Sebelumnya, Dirut PLN Sofyan Basir sendiri mengakui memang banyak masalah dalam realisasi proyek listrik 35.000 MW. Terkait pembatalan lelang PLTU Jawa 5, Sofyan menyatakan bahwa pembatalan dilakukan karena ada hal-hal yang tidak sesuai secara prosedural dan prinsip Good Corporate Governance (GCG). "Ada beberapa hal yang tidak duduk secara prosedur dan GCG. Rapat direksi PLN yang memutuskan," katanya beberapa waktu lalu.

Pembatalan ini memang mengundang tanda tanya mengingat PLTU Jawa 5 memiliki daya yang besar yaitu 2x1000 MW, setara dengan PLTU Batang. Sebenarnya lelang sudah mencapai tahap akhir, tinggal tersisa 2 calon dan PLN tinggal menunjuk pemenang. Tapi PLN membatalkan lelang pengadaan tersebut.

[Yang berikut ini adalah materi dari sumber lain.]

(* Let $q$ be a positive integer and let $\mathcal{D}_1,\mathcal{D}_2$ be nonempty finite subsets of $[q]\times 2^{[q]}$ such that every $(b,B)\in\mathcal{D}_1\cup\mathcal{D}_2$ has $|B|\ge 2$. Then the following are equivalent: (1) $\mathcal{E}_{\mathcal{D}_1}=\mathcal{E}_{\mathcal{D}_2}$; (2) ${\sf Div}(\mathcal{E}_{\mathcal{D}_1})={\sf Div}(\mathcal{E}_{\mathcal{D}_2})$; (3) $\overline{\mathcal{D}_1}=\overline{\mathcal{D}_2}$; (4) $\min(\overline{\mathcal{D}_1})=\min(\overline{\mathcal{D}_2})$.
   Context: Divisibility relations. Let $\Lambda$ be a finite nonempty set and $U=\{u_i:i\in\Lambda\}$ a set of monomials in a polynomial ring over a field, indexed so that $u_i=u_j$ implies $i=j$. A divisibility relation on $U$ is a pair $(b,B)$ with $b\in\Lambda$ and $\emptyset\ne B\subseteq\Lambda$ such that $u_b\mid \mathrm{lcm}(u_i: i\in B)$; ${\sf Div}(U)$ is the set of all of them. A pair $(b,B)$ is trivial if $b\in B$. $(b,B)^{\sf ex}=\{(b,C): B\subseteq C\subseteq \Lambda\}$. $(b,B)\circ(c,C)=(b,(B\smallsetminus\{c\})\cup C)$. For $\mathcal{D}\subseteq\Lambda\times 2^\Lambda$: $\mathcal{D}^\circ$ is the set of all compositions $(b_1,B_1)\circ\cdots\circ(b_s,B_s)$ with $s\ge1$, $(b_i,B_i)\in\mathcal{D}$, with every possible bracketing; $\mathcal{D}^{\sf ex}=\bigcup_{(b,B)\in\mathcal{D}}(b,B)^{\sf ex}$; $\Lambda^{\sf triv}=\{(b,B): b\in B\}$; $\overline{\mathcal{D}}=(\mathcal{D}^\circ)^{\sf ex}\cup\Lambda^{\sf triv}$. $\min(\mathcal{D})$ is the set of nontrivial $(b,B)\in\mathcal{D}$ such that no $(b,C)\in\mathcal{D}$ has $C\subsetneq B$. Here $\Lambda=[q]$. $\mathcal{D}$-extremal ideals. Let $\mathsf k$ be a field and $S_{[q]}=\mathsf k[y_A:\emptyset\ne A\subseteq[q]]$. For $\mathcal{D}\subseteq [q]\times(2^{[q]}\smallsetminus\{\emptyset\})$ let $Q(\mathcal{D})=\{A\subseteq[q]: A\ne\emptyset,\ A\cap B\ne\emptyset \text{ for all }(b,B)\in\mathcal{D}\text{ with } b\in A\}$, $\varepsilon_{\mathcal{D},i}=\prod_{A\in Q(\mathcal{D}),\, i\in A} y_A$, and $\mathcal{E}_{\mathcal{D}}=(\varepsilon_{\mathcal{D},1},\ldots,\varepsilon_{\mathcal{D},q})\subseteq S_{[q]}$. ${\sf Div}(\mathcal{E}_{\mathcal{D}})$ denotes ${\sf Div}(\{\varepsilon_{\mathcal{D},1},\ldots,\varepsilon_{\mathcal{D},q}\})$ with indexing set $[q]$. *)

theory Defs
  imports Main "HOL-Library.Poly_Mapping"
begin

type_synonym rel = "nat \<times> nat set"

text \<open>A monomial in the variables of type 'v is represented by its exponent
vector  exponent vector.\<close>

definition mono_dvd :: "('v \<Rightarrow>\<^sub>0 nat) \<Rightarrow> ('v \<Rightarrow>\<^sub>0 nat) \<Rightarrow> bool" where
  "mono_dvd u w \<longleftrightarrow> (\<forall>v. Poly_Mapping.lookup u v \<le> Poly_Mapping.lookup w v)"

definition mono_lcm :: "('i \<Rightarrow> ('v \<Rightarrow>\<^sub>0 nat)) \<Rightarrow> 'i set \<Rightarrow> ('v \<Rightarrow>\<^sub>0 nat)" where
  "mono_lcm u B = Abs_poly_mapping (\<lambda>v. Max ((\<lambda>i. Poly_Mapping.lookup (u i) v) ` B))"

definition Div :: "'i set \<Rightarrow> ('i \<Rightarrow> ('v \<Rightarrow>\<^sub>0 nat)) \<Rightarrow> ('i \<times> 'i set) set" where
  "Div \<Lambda> u = {(b, B). b \<in> \<Lambda> \<and> B \<noteq> {} \<and> B \<subseteq> \<Lambda> \<and> mono_dvd (u b) (mono_lcm u B)}"

definition comp :: "'i \<times> 'i set \<Rightarrow> 'i \<times> 'i set \<Rightarrow> 'i \<times> 'i set" where
  "comp x y = (fst x, (snd x - {fst y}) \<union> snd y)"

inductive_set comp_closure :: "('i \<times> 'i set) set \<Rightarrow> ('i \<times> 'i set) set"
  for D where
  base: "x \<in> D \<Longrightarrow> x \<in> comp_closure D"
| step: "x \<in> comp_closure D \<Longrightarrow> y \<in> comp_closure D \<Longrightarrow> comp x y \<in> comp_closure D"

definition ext :: "'i set \<Rightarrow> ('i \<times> 'i set) set \<Rightarrow> ('i \<times> 'i set) set" where
  "ext \<Lambda> D = {(b, C). \<exists>B. (b, B) \<in> D \<and> B \<subseteq> C \<and> C \<subseteq> \<Lambda>}"

definition triv :: "'i set \<Rightarrow> ('i \<times> 'i set) set" where
  "triv \<Lambda> = {(b, B). b \<in> B \<and> B \<subseteq> \<Lambda>}"

definition closure_rel :: "'i set \<Rightarrow> ('i \<times> 'i set) set \<Rightarrow> ('i \<times> 'i set) set" where
  "closure_rel \<Lambda> D = ext \<Lambda> (comp_closure D) \<union> triv \<Lambda>"

definition min_rel :: "('i \<times> 'i set) set \<Rightarrow> ('i \<times> 'i set) set" where
  "min_rel D = {(b, B). (b, B) \<in> D \<and> b \<notin> B \<and> \<not> (\<exists>C. (b, C) \<in> D \<and> C \<subset> B)}"
(* Let $b$ be a prime, $m$ a positive integer, $N=b^m$, $(\gamma_j)_{j\ge1}$ a non-increasing sequence with $0<\gamma_j\le1$, and $0\le w_1\le w_2\le\cdots$ integers. Let $\mathbf{z}=(b^{w_1}z_1,\dots,b^{w_s}z_s)$ be constructed by the reduced CBC algorithm: $z_1=1$, and for $d=1,\dots,s-1$, given $z_1,\dots,z_d$, $z_{d+1}\in\mathcal{Z}_{N,w_{d+1}}$ is chosen to minimize $z\mapsto R^{d+1}_{N,\boldsymbol\gamma}(b^{w_1}z_1,\dots,b^{w_d}z_d,b^{w_{d+1}}z)$ over $z\in\mathcal{Z}_{N,w_{d+1}}$. Then the lattice point set $P_N(\mathbf{z})$ satisfies $$D^*_{N,\boldsymbol\gamma}(\mathbf{z})\le\sum_{\mathfrak{u}\subseteq[s]}\gamma_{\mathfrak{u}}\left(1-\left(1-\frac1N\right)^{|\mathfrak{u}|}\right)+\frac1{2N}\prod_{j=1}^s\left(\beta_j+\left(1+2b^{\min\{w_j,m\}}\right)\gamma_jS_N\right),$$ where $\beta_j=1+\gamma_j$.
   Context: $[s]=\{1,\dots,s\}$; product weights $\gamma_{\mathfrak{u}}=\prod_{j\in\mathfrak{u}}\gamma_j$, $\gamma_\emptyset=1$. $\mathcal{Z}_{N,w}=\{z\in\{1,\dots,b^{m-w}-1\}:\gcd(z,b^m)=1\}$ if $w<m$, and $\{1\}$ if $w\ge m$. $S_N=\sum_{-N/2<h\le N/2,\,h\ne0}\frac{1}{|h|}$. For $\mathbf{y}\in\mathbb{Z}^d$, $R^d_{N,\boldsymbol\gamma}(\mathbf{y})=\frac1N\sum_{k=0}^{N-1}\prod_{j=1}^d\big(\beta_j+\gamma_j\sum_{-N/2<h\le N/2,h\ne0}\frac{e^{2\pi i hky_j/N}}{|h|}\big)-\prod_{j=1}^d\beta_j$. Lattice point set $P_N(\mathbf{z})=\{\{k\mathbf{z}/N\}:k=0,\dots,N-1\}$ (componentwise fractional parts). $\mathrm{discr}(\mathbf{x},P_N)=\frac1N\#\{\mathbf{p}\in P_N:\mathbf{p}\in[\mathbf{0},\mathbf{x})\}-\prod_j x_j$; $D^*_{N,\boldsymbol\gamma}(\mathbf{z})=\sup_{\mathbf{x}\in(0,1]^s}\max_{\emptyset\ne\mathfrak{u}\subseteq[s]}\gamma_{\mathfrak{u}}|\mathrm{discr}((\mathbf{x}_{\mathfrak{u}},\mathbf{1}),P_N(\mathbf{z}))|$, where $(\mathbf{x}_{\mathfrak{u}},\mathbf{1})$ has $j$-th coordinate $x_j$ for $j\in\mathfrak{u}$ and $1$ otherwise. *)

theory Defs
  imports "HOL-Analysis.Analysis"
begin

definition freqs :: "nat \<Rightarrow> int set" where
  "freqs N = {h::int. - (real N / 2) < real_of_int h \<and> real_of_int h \<le> real N / 2 \<and> h \<noteq> 0}"

definition S_N :: "nat \<Rightarrow> real" where
  "S_N N = (\<Sum>h\<in>freqs N. 1 / real_of_int \<bar>h\<bar>)"

definition Zset :: "nat \<Rightarrow> nat \<Rightarrow> nat \<Rightarrow> nat set" where
  "Zset b m w = (if w < m then {z \<in> {1 .. b ^ (m - w) - 1}. gcd z (b ^ m) = 1} else {1})"

definition R_crit :: "nat \<Rightarrow> nat \<Rightarrow> (nat \<Rightarrow> real) \<Rightarrow> (nat \<Rightarrow> real) \<Rightarrow> (nat \<Rightarrow> int) \<Rightarrow> complex" where
  "R_crit d N \<beta> \<gamma> y =
     (1 / of_nat N) * (\<Sum>k<N. \<Prod>j\<in>{1..d}.
        (complex_of_real (\<beta> j) + complex_of_real (\<gamma> j) *
          (\<Sum>h\<in>freqs N. exp (2 * pi * \<i> * of_int h * of_nat k * of_int (y j) / of_nat N)
                          / of_int \<bar>h\<bar>)))
     - (\<Prod>j\<in>{1..d}. complex_of_real (\<beta> j))"

text \<open>Local discrepancy of the lattice point set P_N(y) (points counted with
  multiplicity over k = 0..N-1) at the box anchored at (x_u, 1).\<close>
definition discr_u :: "nat \<Rightarrow> (nat \<Rightarrow> int) \<Rightarrow> nat set \<Rightarrow> (nat \<Rightarrow> real) \<Rightarrow> real" where
  "discr_u N y u x =
     real (card {k \<in> {0..<N}. \<forall>j\<in>u. frac (real k * real_of_int (y j) / real N) < x j}) / real N
     - (\<Prod>j\<in>u. x j)"

definition weighted_star_discrepancy ::
  "nat \<Rightarrow> nat \<Rightarrow> (nat \<Rightarrow> real) \<Rightarrow> (nat \<Rightarrow> int) \<Rightarrow> real" where
  "weighted_star_discrepancy s N \<gamma> y =
     (SUP p \<in> {(x, u). (\<forall>j\<in>{1..s}. 0 < x j \<and> x j \<le> 1) \<and> u \<subseteq> {1..s} \<and> u \<noteq> {}}.
        (\<Prod>j\<in>snd p. \<gamma> j) * \<bar>discr_u N y (snd p) (fst p)\<bar>)"

end

theory Submission
  imports Defs
begin

text \<open>With \<open>e(x) = exp (2 \<pi> i x / N)\<close> and the weights \<open>\<rho>_j(0) = \<beta>_j\<close>, \<open>\<rho>_j(h) = \<gamma>_j / |h|\<close>
  for \<open>h \<noteq> 0\<close>, orthogonality of characters turns \<open>R^d(y) + \<Prod> \<beta>_j\<close> into the sum of
  \<open>\<Prod>_j \<rho>_j(h_j)\<close> over the frequency vectors \<open>h\<close> with \<open>N | h \<cdot> y\<close>. Passing from \<open>d\<close> to \<open>d + 1\<close>
  multiplies this sum by \<open>\<beta>_(d+1)\<close> and adds \<open>\<gamma>_(d+1)\<close> times a sum depending on \<open>z_(d+1)\<close>.
  The minimiser does at least as well as the average over \<open>Z_(N,w)\<close>, and counting the
  solutions of linear congruences bounds that average by \<open>2 b^min(w,m) S_N / N\<close> times the total
  mass \<open>\<Prod>_j (\<beta>_j + \<gamma>_j S_N)\<close>; induction on \<open>d\<close> gives
  \<open>R^s \<le> \<Prod>_j (\<beta>_j + (1 + 2 b^min(w_j,m)) \<gamma>_j S_N) / N\<close>.

  For the discrepancy, round the box \<open>[0, x)\<close> up to the grid box \<open>[0, a/N)\<close>. The indicator of
  \<open>{0, \<dots>, a - 1}\<close> modulo \<open>N\<close> has discrete Fourier coefficients of modulus at most \<open>1 / (2|h|)\<close>
  for \<open>h \<noteq> 0\<close> (Jordan's inequality), so the weighted counting error of the grid box is dominated
  term by term by half of the dual-lattice sum, i.e. by \<open>R^s / 2\<close>; rounding costs at most
  \<open>1 - (1 - 1/N)^|u|\<close> in volume.\<close>

section \<open>Additive characters modulo \<open>N\<close>\<close>

definition addchar :: "nat \<Rightarrow> int \<Rightarrow> complex" where
  "addchar N x = exp (2 * pi * \<i> * of_int x / of_nat N)"

lemma addchar_add: "addchar N (x + y) = addchar N x * addchar N y"
  unfolding addchar_def by (simp add: distrib_left add_divide_distrib exp_add)

lemma addchar_0 [simp]: "addchar N 0 = 1"
  unfolding addchar_def by simp

lemma norm_addchar [simp]: "norm (addchar N x) = 1"
  unfolding addchar_def by (simp add: norm_exp_eq_Re)

lemma addchar_int_mult: "addchar N (int k * x) = addchar N x ^ k"
proof (induction k)
  case (Suc k)
  have "int (Suc k) * x = x + int k * x" by (simp add: algebra_simps)
  then show ?case using Suc by (simp add: addchar_add)
qed simp

lemma addchar_eq_1_iff:
  assumes "N > 0"
  shows "addchar N x = 1 \<longleftrightarrow> int N dvd x"
proof
  assume "addchar N x = 1"
  then obtain n :: int where "Im (2 * pi * \<i> * of_int x / of_nat N) = of_int (2 * n) * pi"
    unfolding addchar_def exp_eq_1 by auto
  then have "real_of_int x = real N * real_of_int n"
    using assms pi_gt_zero by (simp add: field_simps)
  then have "x = int N * n" by (metis of_int_eq_iff of_int_mult of_int_of_nat_eq)
  then show "int N dvd x" by simp
next
  assume "int N dvd x"
  then obtain c where "x = int N * c" by (auto elim!: dvdE)
  moreover have "2 * pi * \<i> * of_int (int N * c) / of_nat N = \<i> * (of_int c * (of_real pi * 2))"
    using assms by (simp add: field_simps)
  ultimately show "addchar N x = 1" unfolding addchar_def by simp
qed

lemma addchar_cong:
  assumes "N > 0" "x mod int N = y mod int N"
  shows "addchar N x = addchar N y"
proof -
  have "int N dvd x - y" using assms(2) by (simp add: mod_eq_dvd_iff)
  then have "addchar N (x - y) = 1" using addchar_eq_1_iff[OF assms(1)] by simp
  then show ?thesis using addchar_add[of N y "x - y"] by simp
qed

lemma sum_addchar_residues:
  assumes "N > 0"
  shows "(\<Sum>k<N. addchar N (int k * t)) = (if int N dvd t then of_nat N else 0)"
proof (cases "int N dvd t")
  case True
  then have "addchar N (int k * t) = 1" for k by (simp add: addchar_eq_1_iff[OF assms])
  then show ?thesis using True by simp
next
  case False
  let ?q = "addchar N t"
  have "?q \<noteq> 1" using False addchar_eq_1_iff[OF assms] by simp
  moreover have "?q ^ N = 1"
    using addchar_int_mult[of N N t] addchar_eq_1_iff[OF assms, of "int N * t"] by simp
  ultimately have "(\<Sum>k<N. ?q ^ k) = 0" by (simp add: geometric_sum)
  then show ?thesis using False by (simp add: addchar_int_mult)
qed

section \<open>The frequency box\<close>

definition freqs0 :: "nat \<Rightarrow> int set" where
  "freqs0 N = insert 0 (freqs N)"

lemma finite_freqs [simp]: "finite (freqs N)"
proof (rule finite_subset)
  show "freqs N \<subseteq> {- int N .. int N}" unfolding freqs_def by auto
qed simp

lemma zero_notin_freqs [simp]: "0 \<notin> freqs N"
  unfolding freqs_def by simp
(* Let $G=(V,E)$ be a prime permutation graph, let $(<_1,<_2)$ be a realizer of $G$, and let $w$ be the first element of $<_1$. Then the relations $\vartriangleleft_1^w$ and $\vartriangleleft_2^w$ are strict linear orders on $V$.
   Context: Graphs are finite, simple, undirected, with nonempty vertex set. A module of $G$ is a nonempty $M\subseteq V$ such that every vertex outside $M$ is adjacent to all or none of $M$; $G$ is prime if its only modules are $V$ and the singletons. A realizer of $G$ is a pair $(<_1,<_2)$ of strict linear orders on $V$ such that distinct $u,v$ are adjacent iff they appear in different orders in $<_1$ and $<_2$; $G$ is a permutation graph if it has a realizer. For a pair of binary relations $(\lhd_1,\lhd_2)$ on $V$: its transitive closure is $(\lhd_1^T,\lhd_2^T)$ (componentwise transitive closures); its closure under $E$ is $(\lhd_1^E,\lhd_2^E)$ where, for $i\in[2]$, $\lhd_i^E=\lhd_i\cup\{(v,u)\mid u\lhd_{3-i}v,\ \{u,v\}\in E\}\cup\{(u,v)\mid u\lhd_{3-i}v,\ \{u,v\}\notin E\}$. For $w\in V$ define $\lhd_{1,0}^w=\{(w,v)\mid v\in V, v\ne w\}$, $\lhd_{2,0}^w=\emptyset$, and for $k\ge0$, $(\lhd_{1,k+1}^w,\lhd_{2,k+1}^w)=((\lhd_{1,k}^w,\lhd_{2,k}^w)^E)^T$. These increase with $k$; $\lhd_i^w$ denotes $\lhd_{i,m}^w$ for $m$ such that the sequence has stabilized. *)

theory Defs
  imports Main
begin

definition graph :: "'a set \<Rightarrow> 'a set set \<Rightarrow> bool" where
  "graph V E \<longleftrightarrow> finite V \<and> V \<noteq> {} \<and>
     (\<forall>e\<in>E. \<exists>u v. u \<in> V \<and> v \<in> V \<and> u \<noteq> v \<and> e = {u, v})"

definition is_module :: "'a set \<Rightarrow> 'a set set \<Rightarrow> 'a set \<Rightarrow> bool" where
  "is_module V E M \<longleftrightarrow> M \<subseteq> V \<and> M \<noteq> {} \<and>
     (\<forall>x \<in> V - M. (\<forall>m\<in>M. {x, m} \<in> E) \<or> (\<forall>m\<in>M. {x, m} \<notin> E))"

definition prime_graph :: "'a set \<Rightarrow> 'a set set \<Rightarrow> bool" where
  "prime_graph V E \<longleftrightarrow> (\<forall>M. is_module V E M \<longrightarrow> M = V \<or> (\<exists>v. M = {v}))"

definition strict_linorder_on :: "'a set \<Rightarrow> 'a rel \<Rightarrow> bool" where
  "strict_linorder_on V r \<longleftrightarrow> r \<subseteq> V \<times> V \<and> irrefl_on V r \<and> trans r \<and> total_on V r"

definition realizer :: "'a set \<Rightarrow> 'a set set \<Rightarrow> 'a rel \<Rightarrow> 'a rel \<Rightarrow> bool" where
  "realizer V E r1 r2 \<longleftrightarrow> strict_linorder_on V r1 \<and> strict_linorder_on V r2 \<and>
     (\<forall>u\<in>V. \<forall>v\<in>V. u \<noteq> v \<longrightarrow>
        ({u, v} \<in> E \<longleftrightarrow> ((u, v) \<in> r1 \<and> (v, u) \<in> r2) \<or> ((v, u) \<in> r1 \<and> (u, v) \<in> r2)))"

definition permutation_graph :: "'a set \<Rightarrow> 'a set set \<Rightarrow> bool" where
  "permutation_graph V E \<longleftrightarrow> graph V E \<and> (\<exists>r1 r2. realizer V E r1 r2)"

definition closE_comp :: "'a set set \<Rightarrow> 'a rel \<Rightarrow> 'a rel \<Rightarrow> 'a rel" where
  "closE_comp E li lo = li \<union> {(v, u). (u, v) \<in> lo \<and> {u, v} \<in> E}
                            \<union> {(u, v). (u, v) \<in> lo \<and> {u, v} \<notin> E}"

Sofyan enggan merinci dasar keputusan direksi PLN, dia hanya menekankan bahwa keputusan ini diambil demi kepentingan PLN dan masyarakat. "Ada hal-hal yang tidak duduk, maka demi PLN dan masyarakat lelang ditunda," ucapnya.

Dia menambahkan, keputusan final hasil lelang ada di tangan korporasi. Seleksi dan penilaian dalam lelang PLTU Jawa 5 yang dilakukan oleh konsultan dan tim independen belum menjadi keputusan korporasi.

Secara hukum, PLN pun memiliki hak untuk membatalkan hasil lelang. Pihaknya pun telah menjelaskan alasan di balik pembatalan ini kepada pemerintah melalui Kementerian ESDM, jadi bukan pembatalan yang tanpa alasan dan penjelasan. "Kami membatalkan secara sah, ada dasar hukumnya, itu bukan sesuatu yang sakral," tandasnya.

Luhut sendiri mengakui adanya kendala dalam realisasi proyek ini. Misalnya, masih banyaknya kendala terkait pembebasan lahan dan lokasi proyek sehingga membutuhkan waktu yang panjang. "Ini kan bisnis yang berjalan, jadi memang masih membutuhkan proses untuk perjalannya," ujarnya.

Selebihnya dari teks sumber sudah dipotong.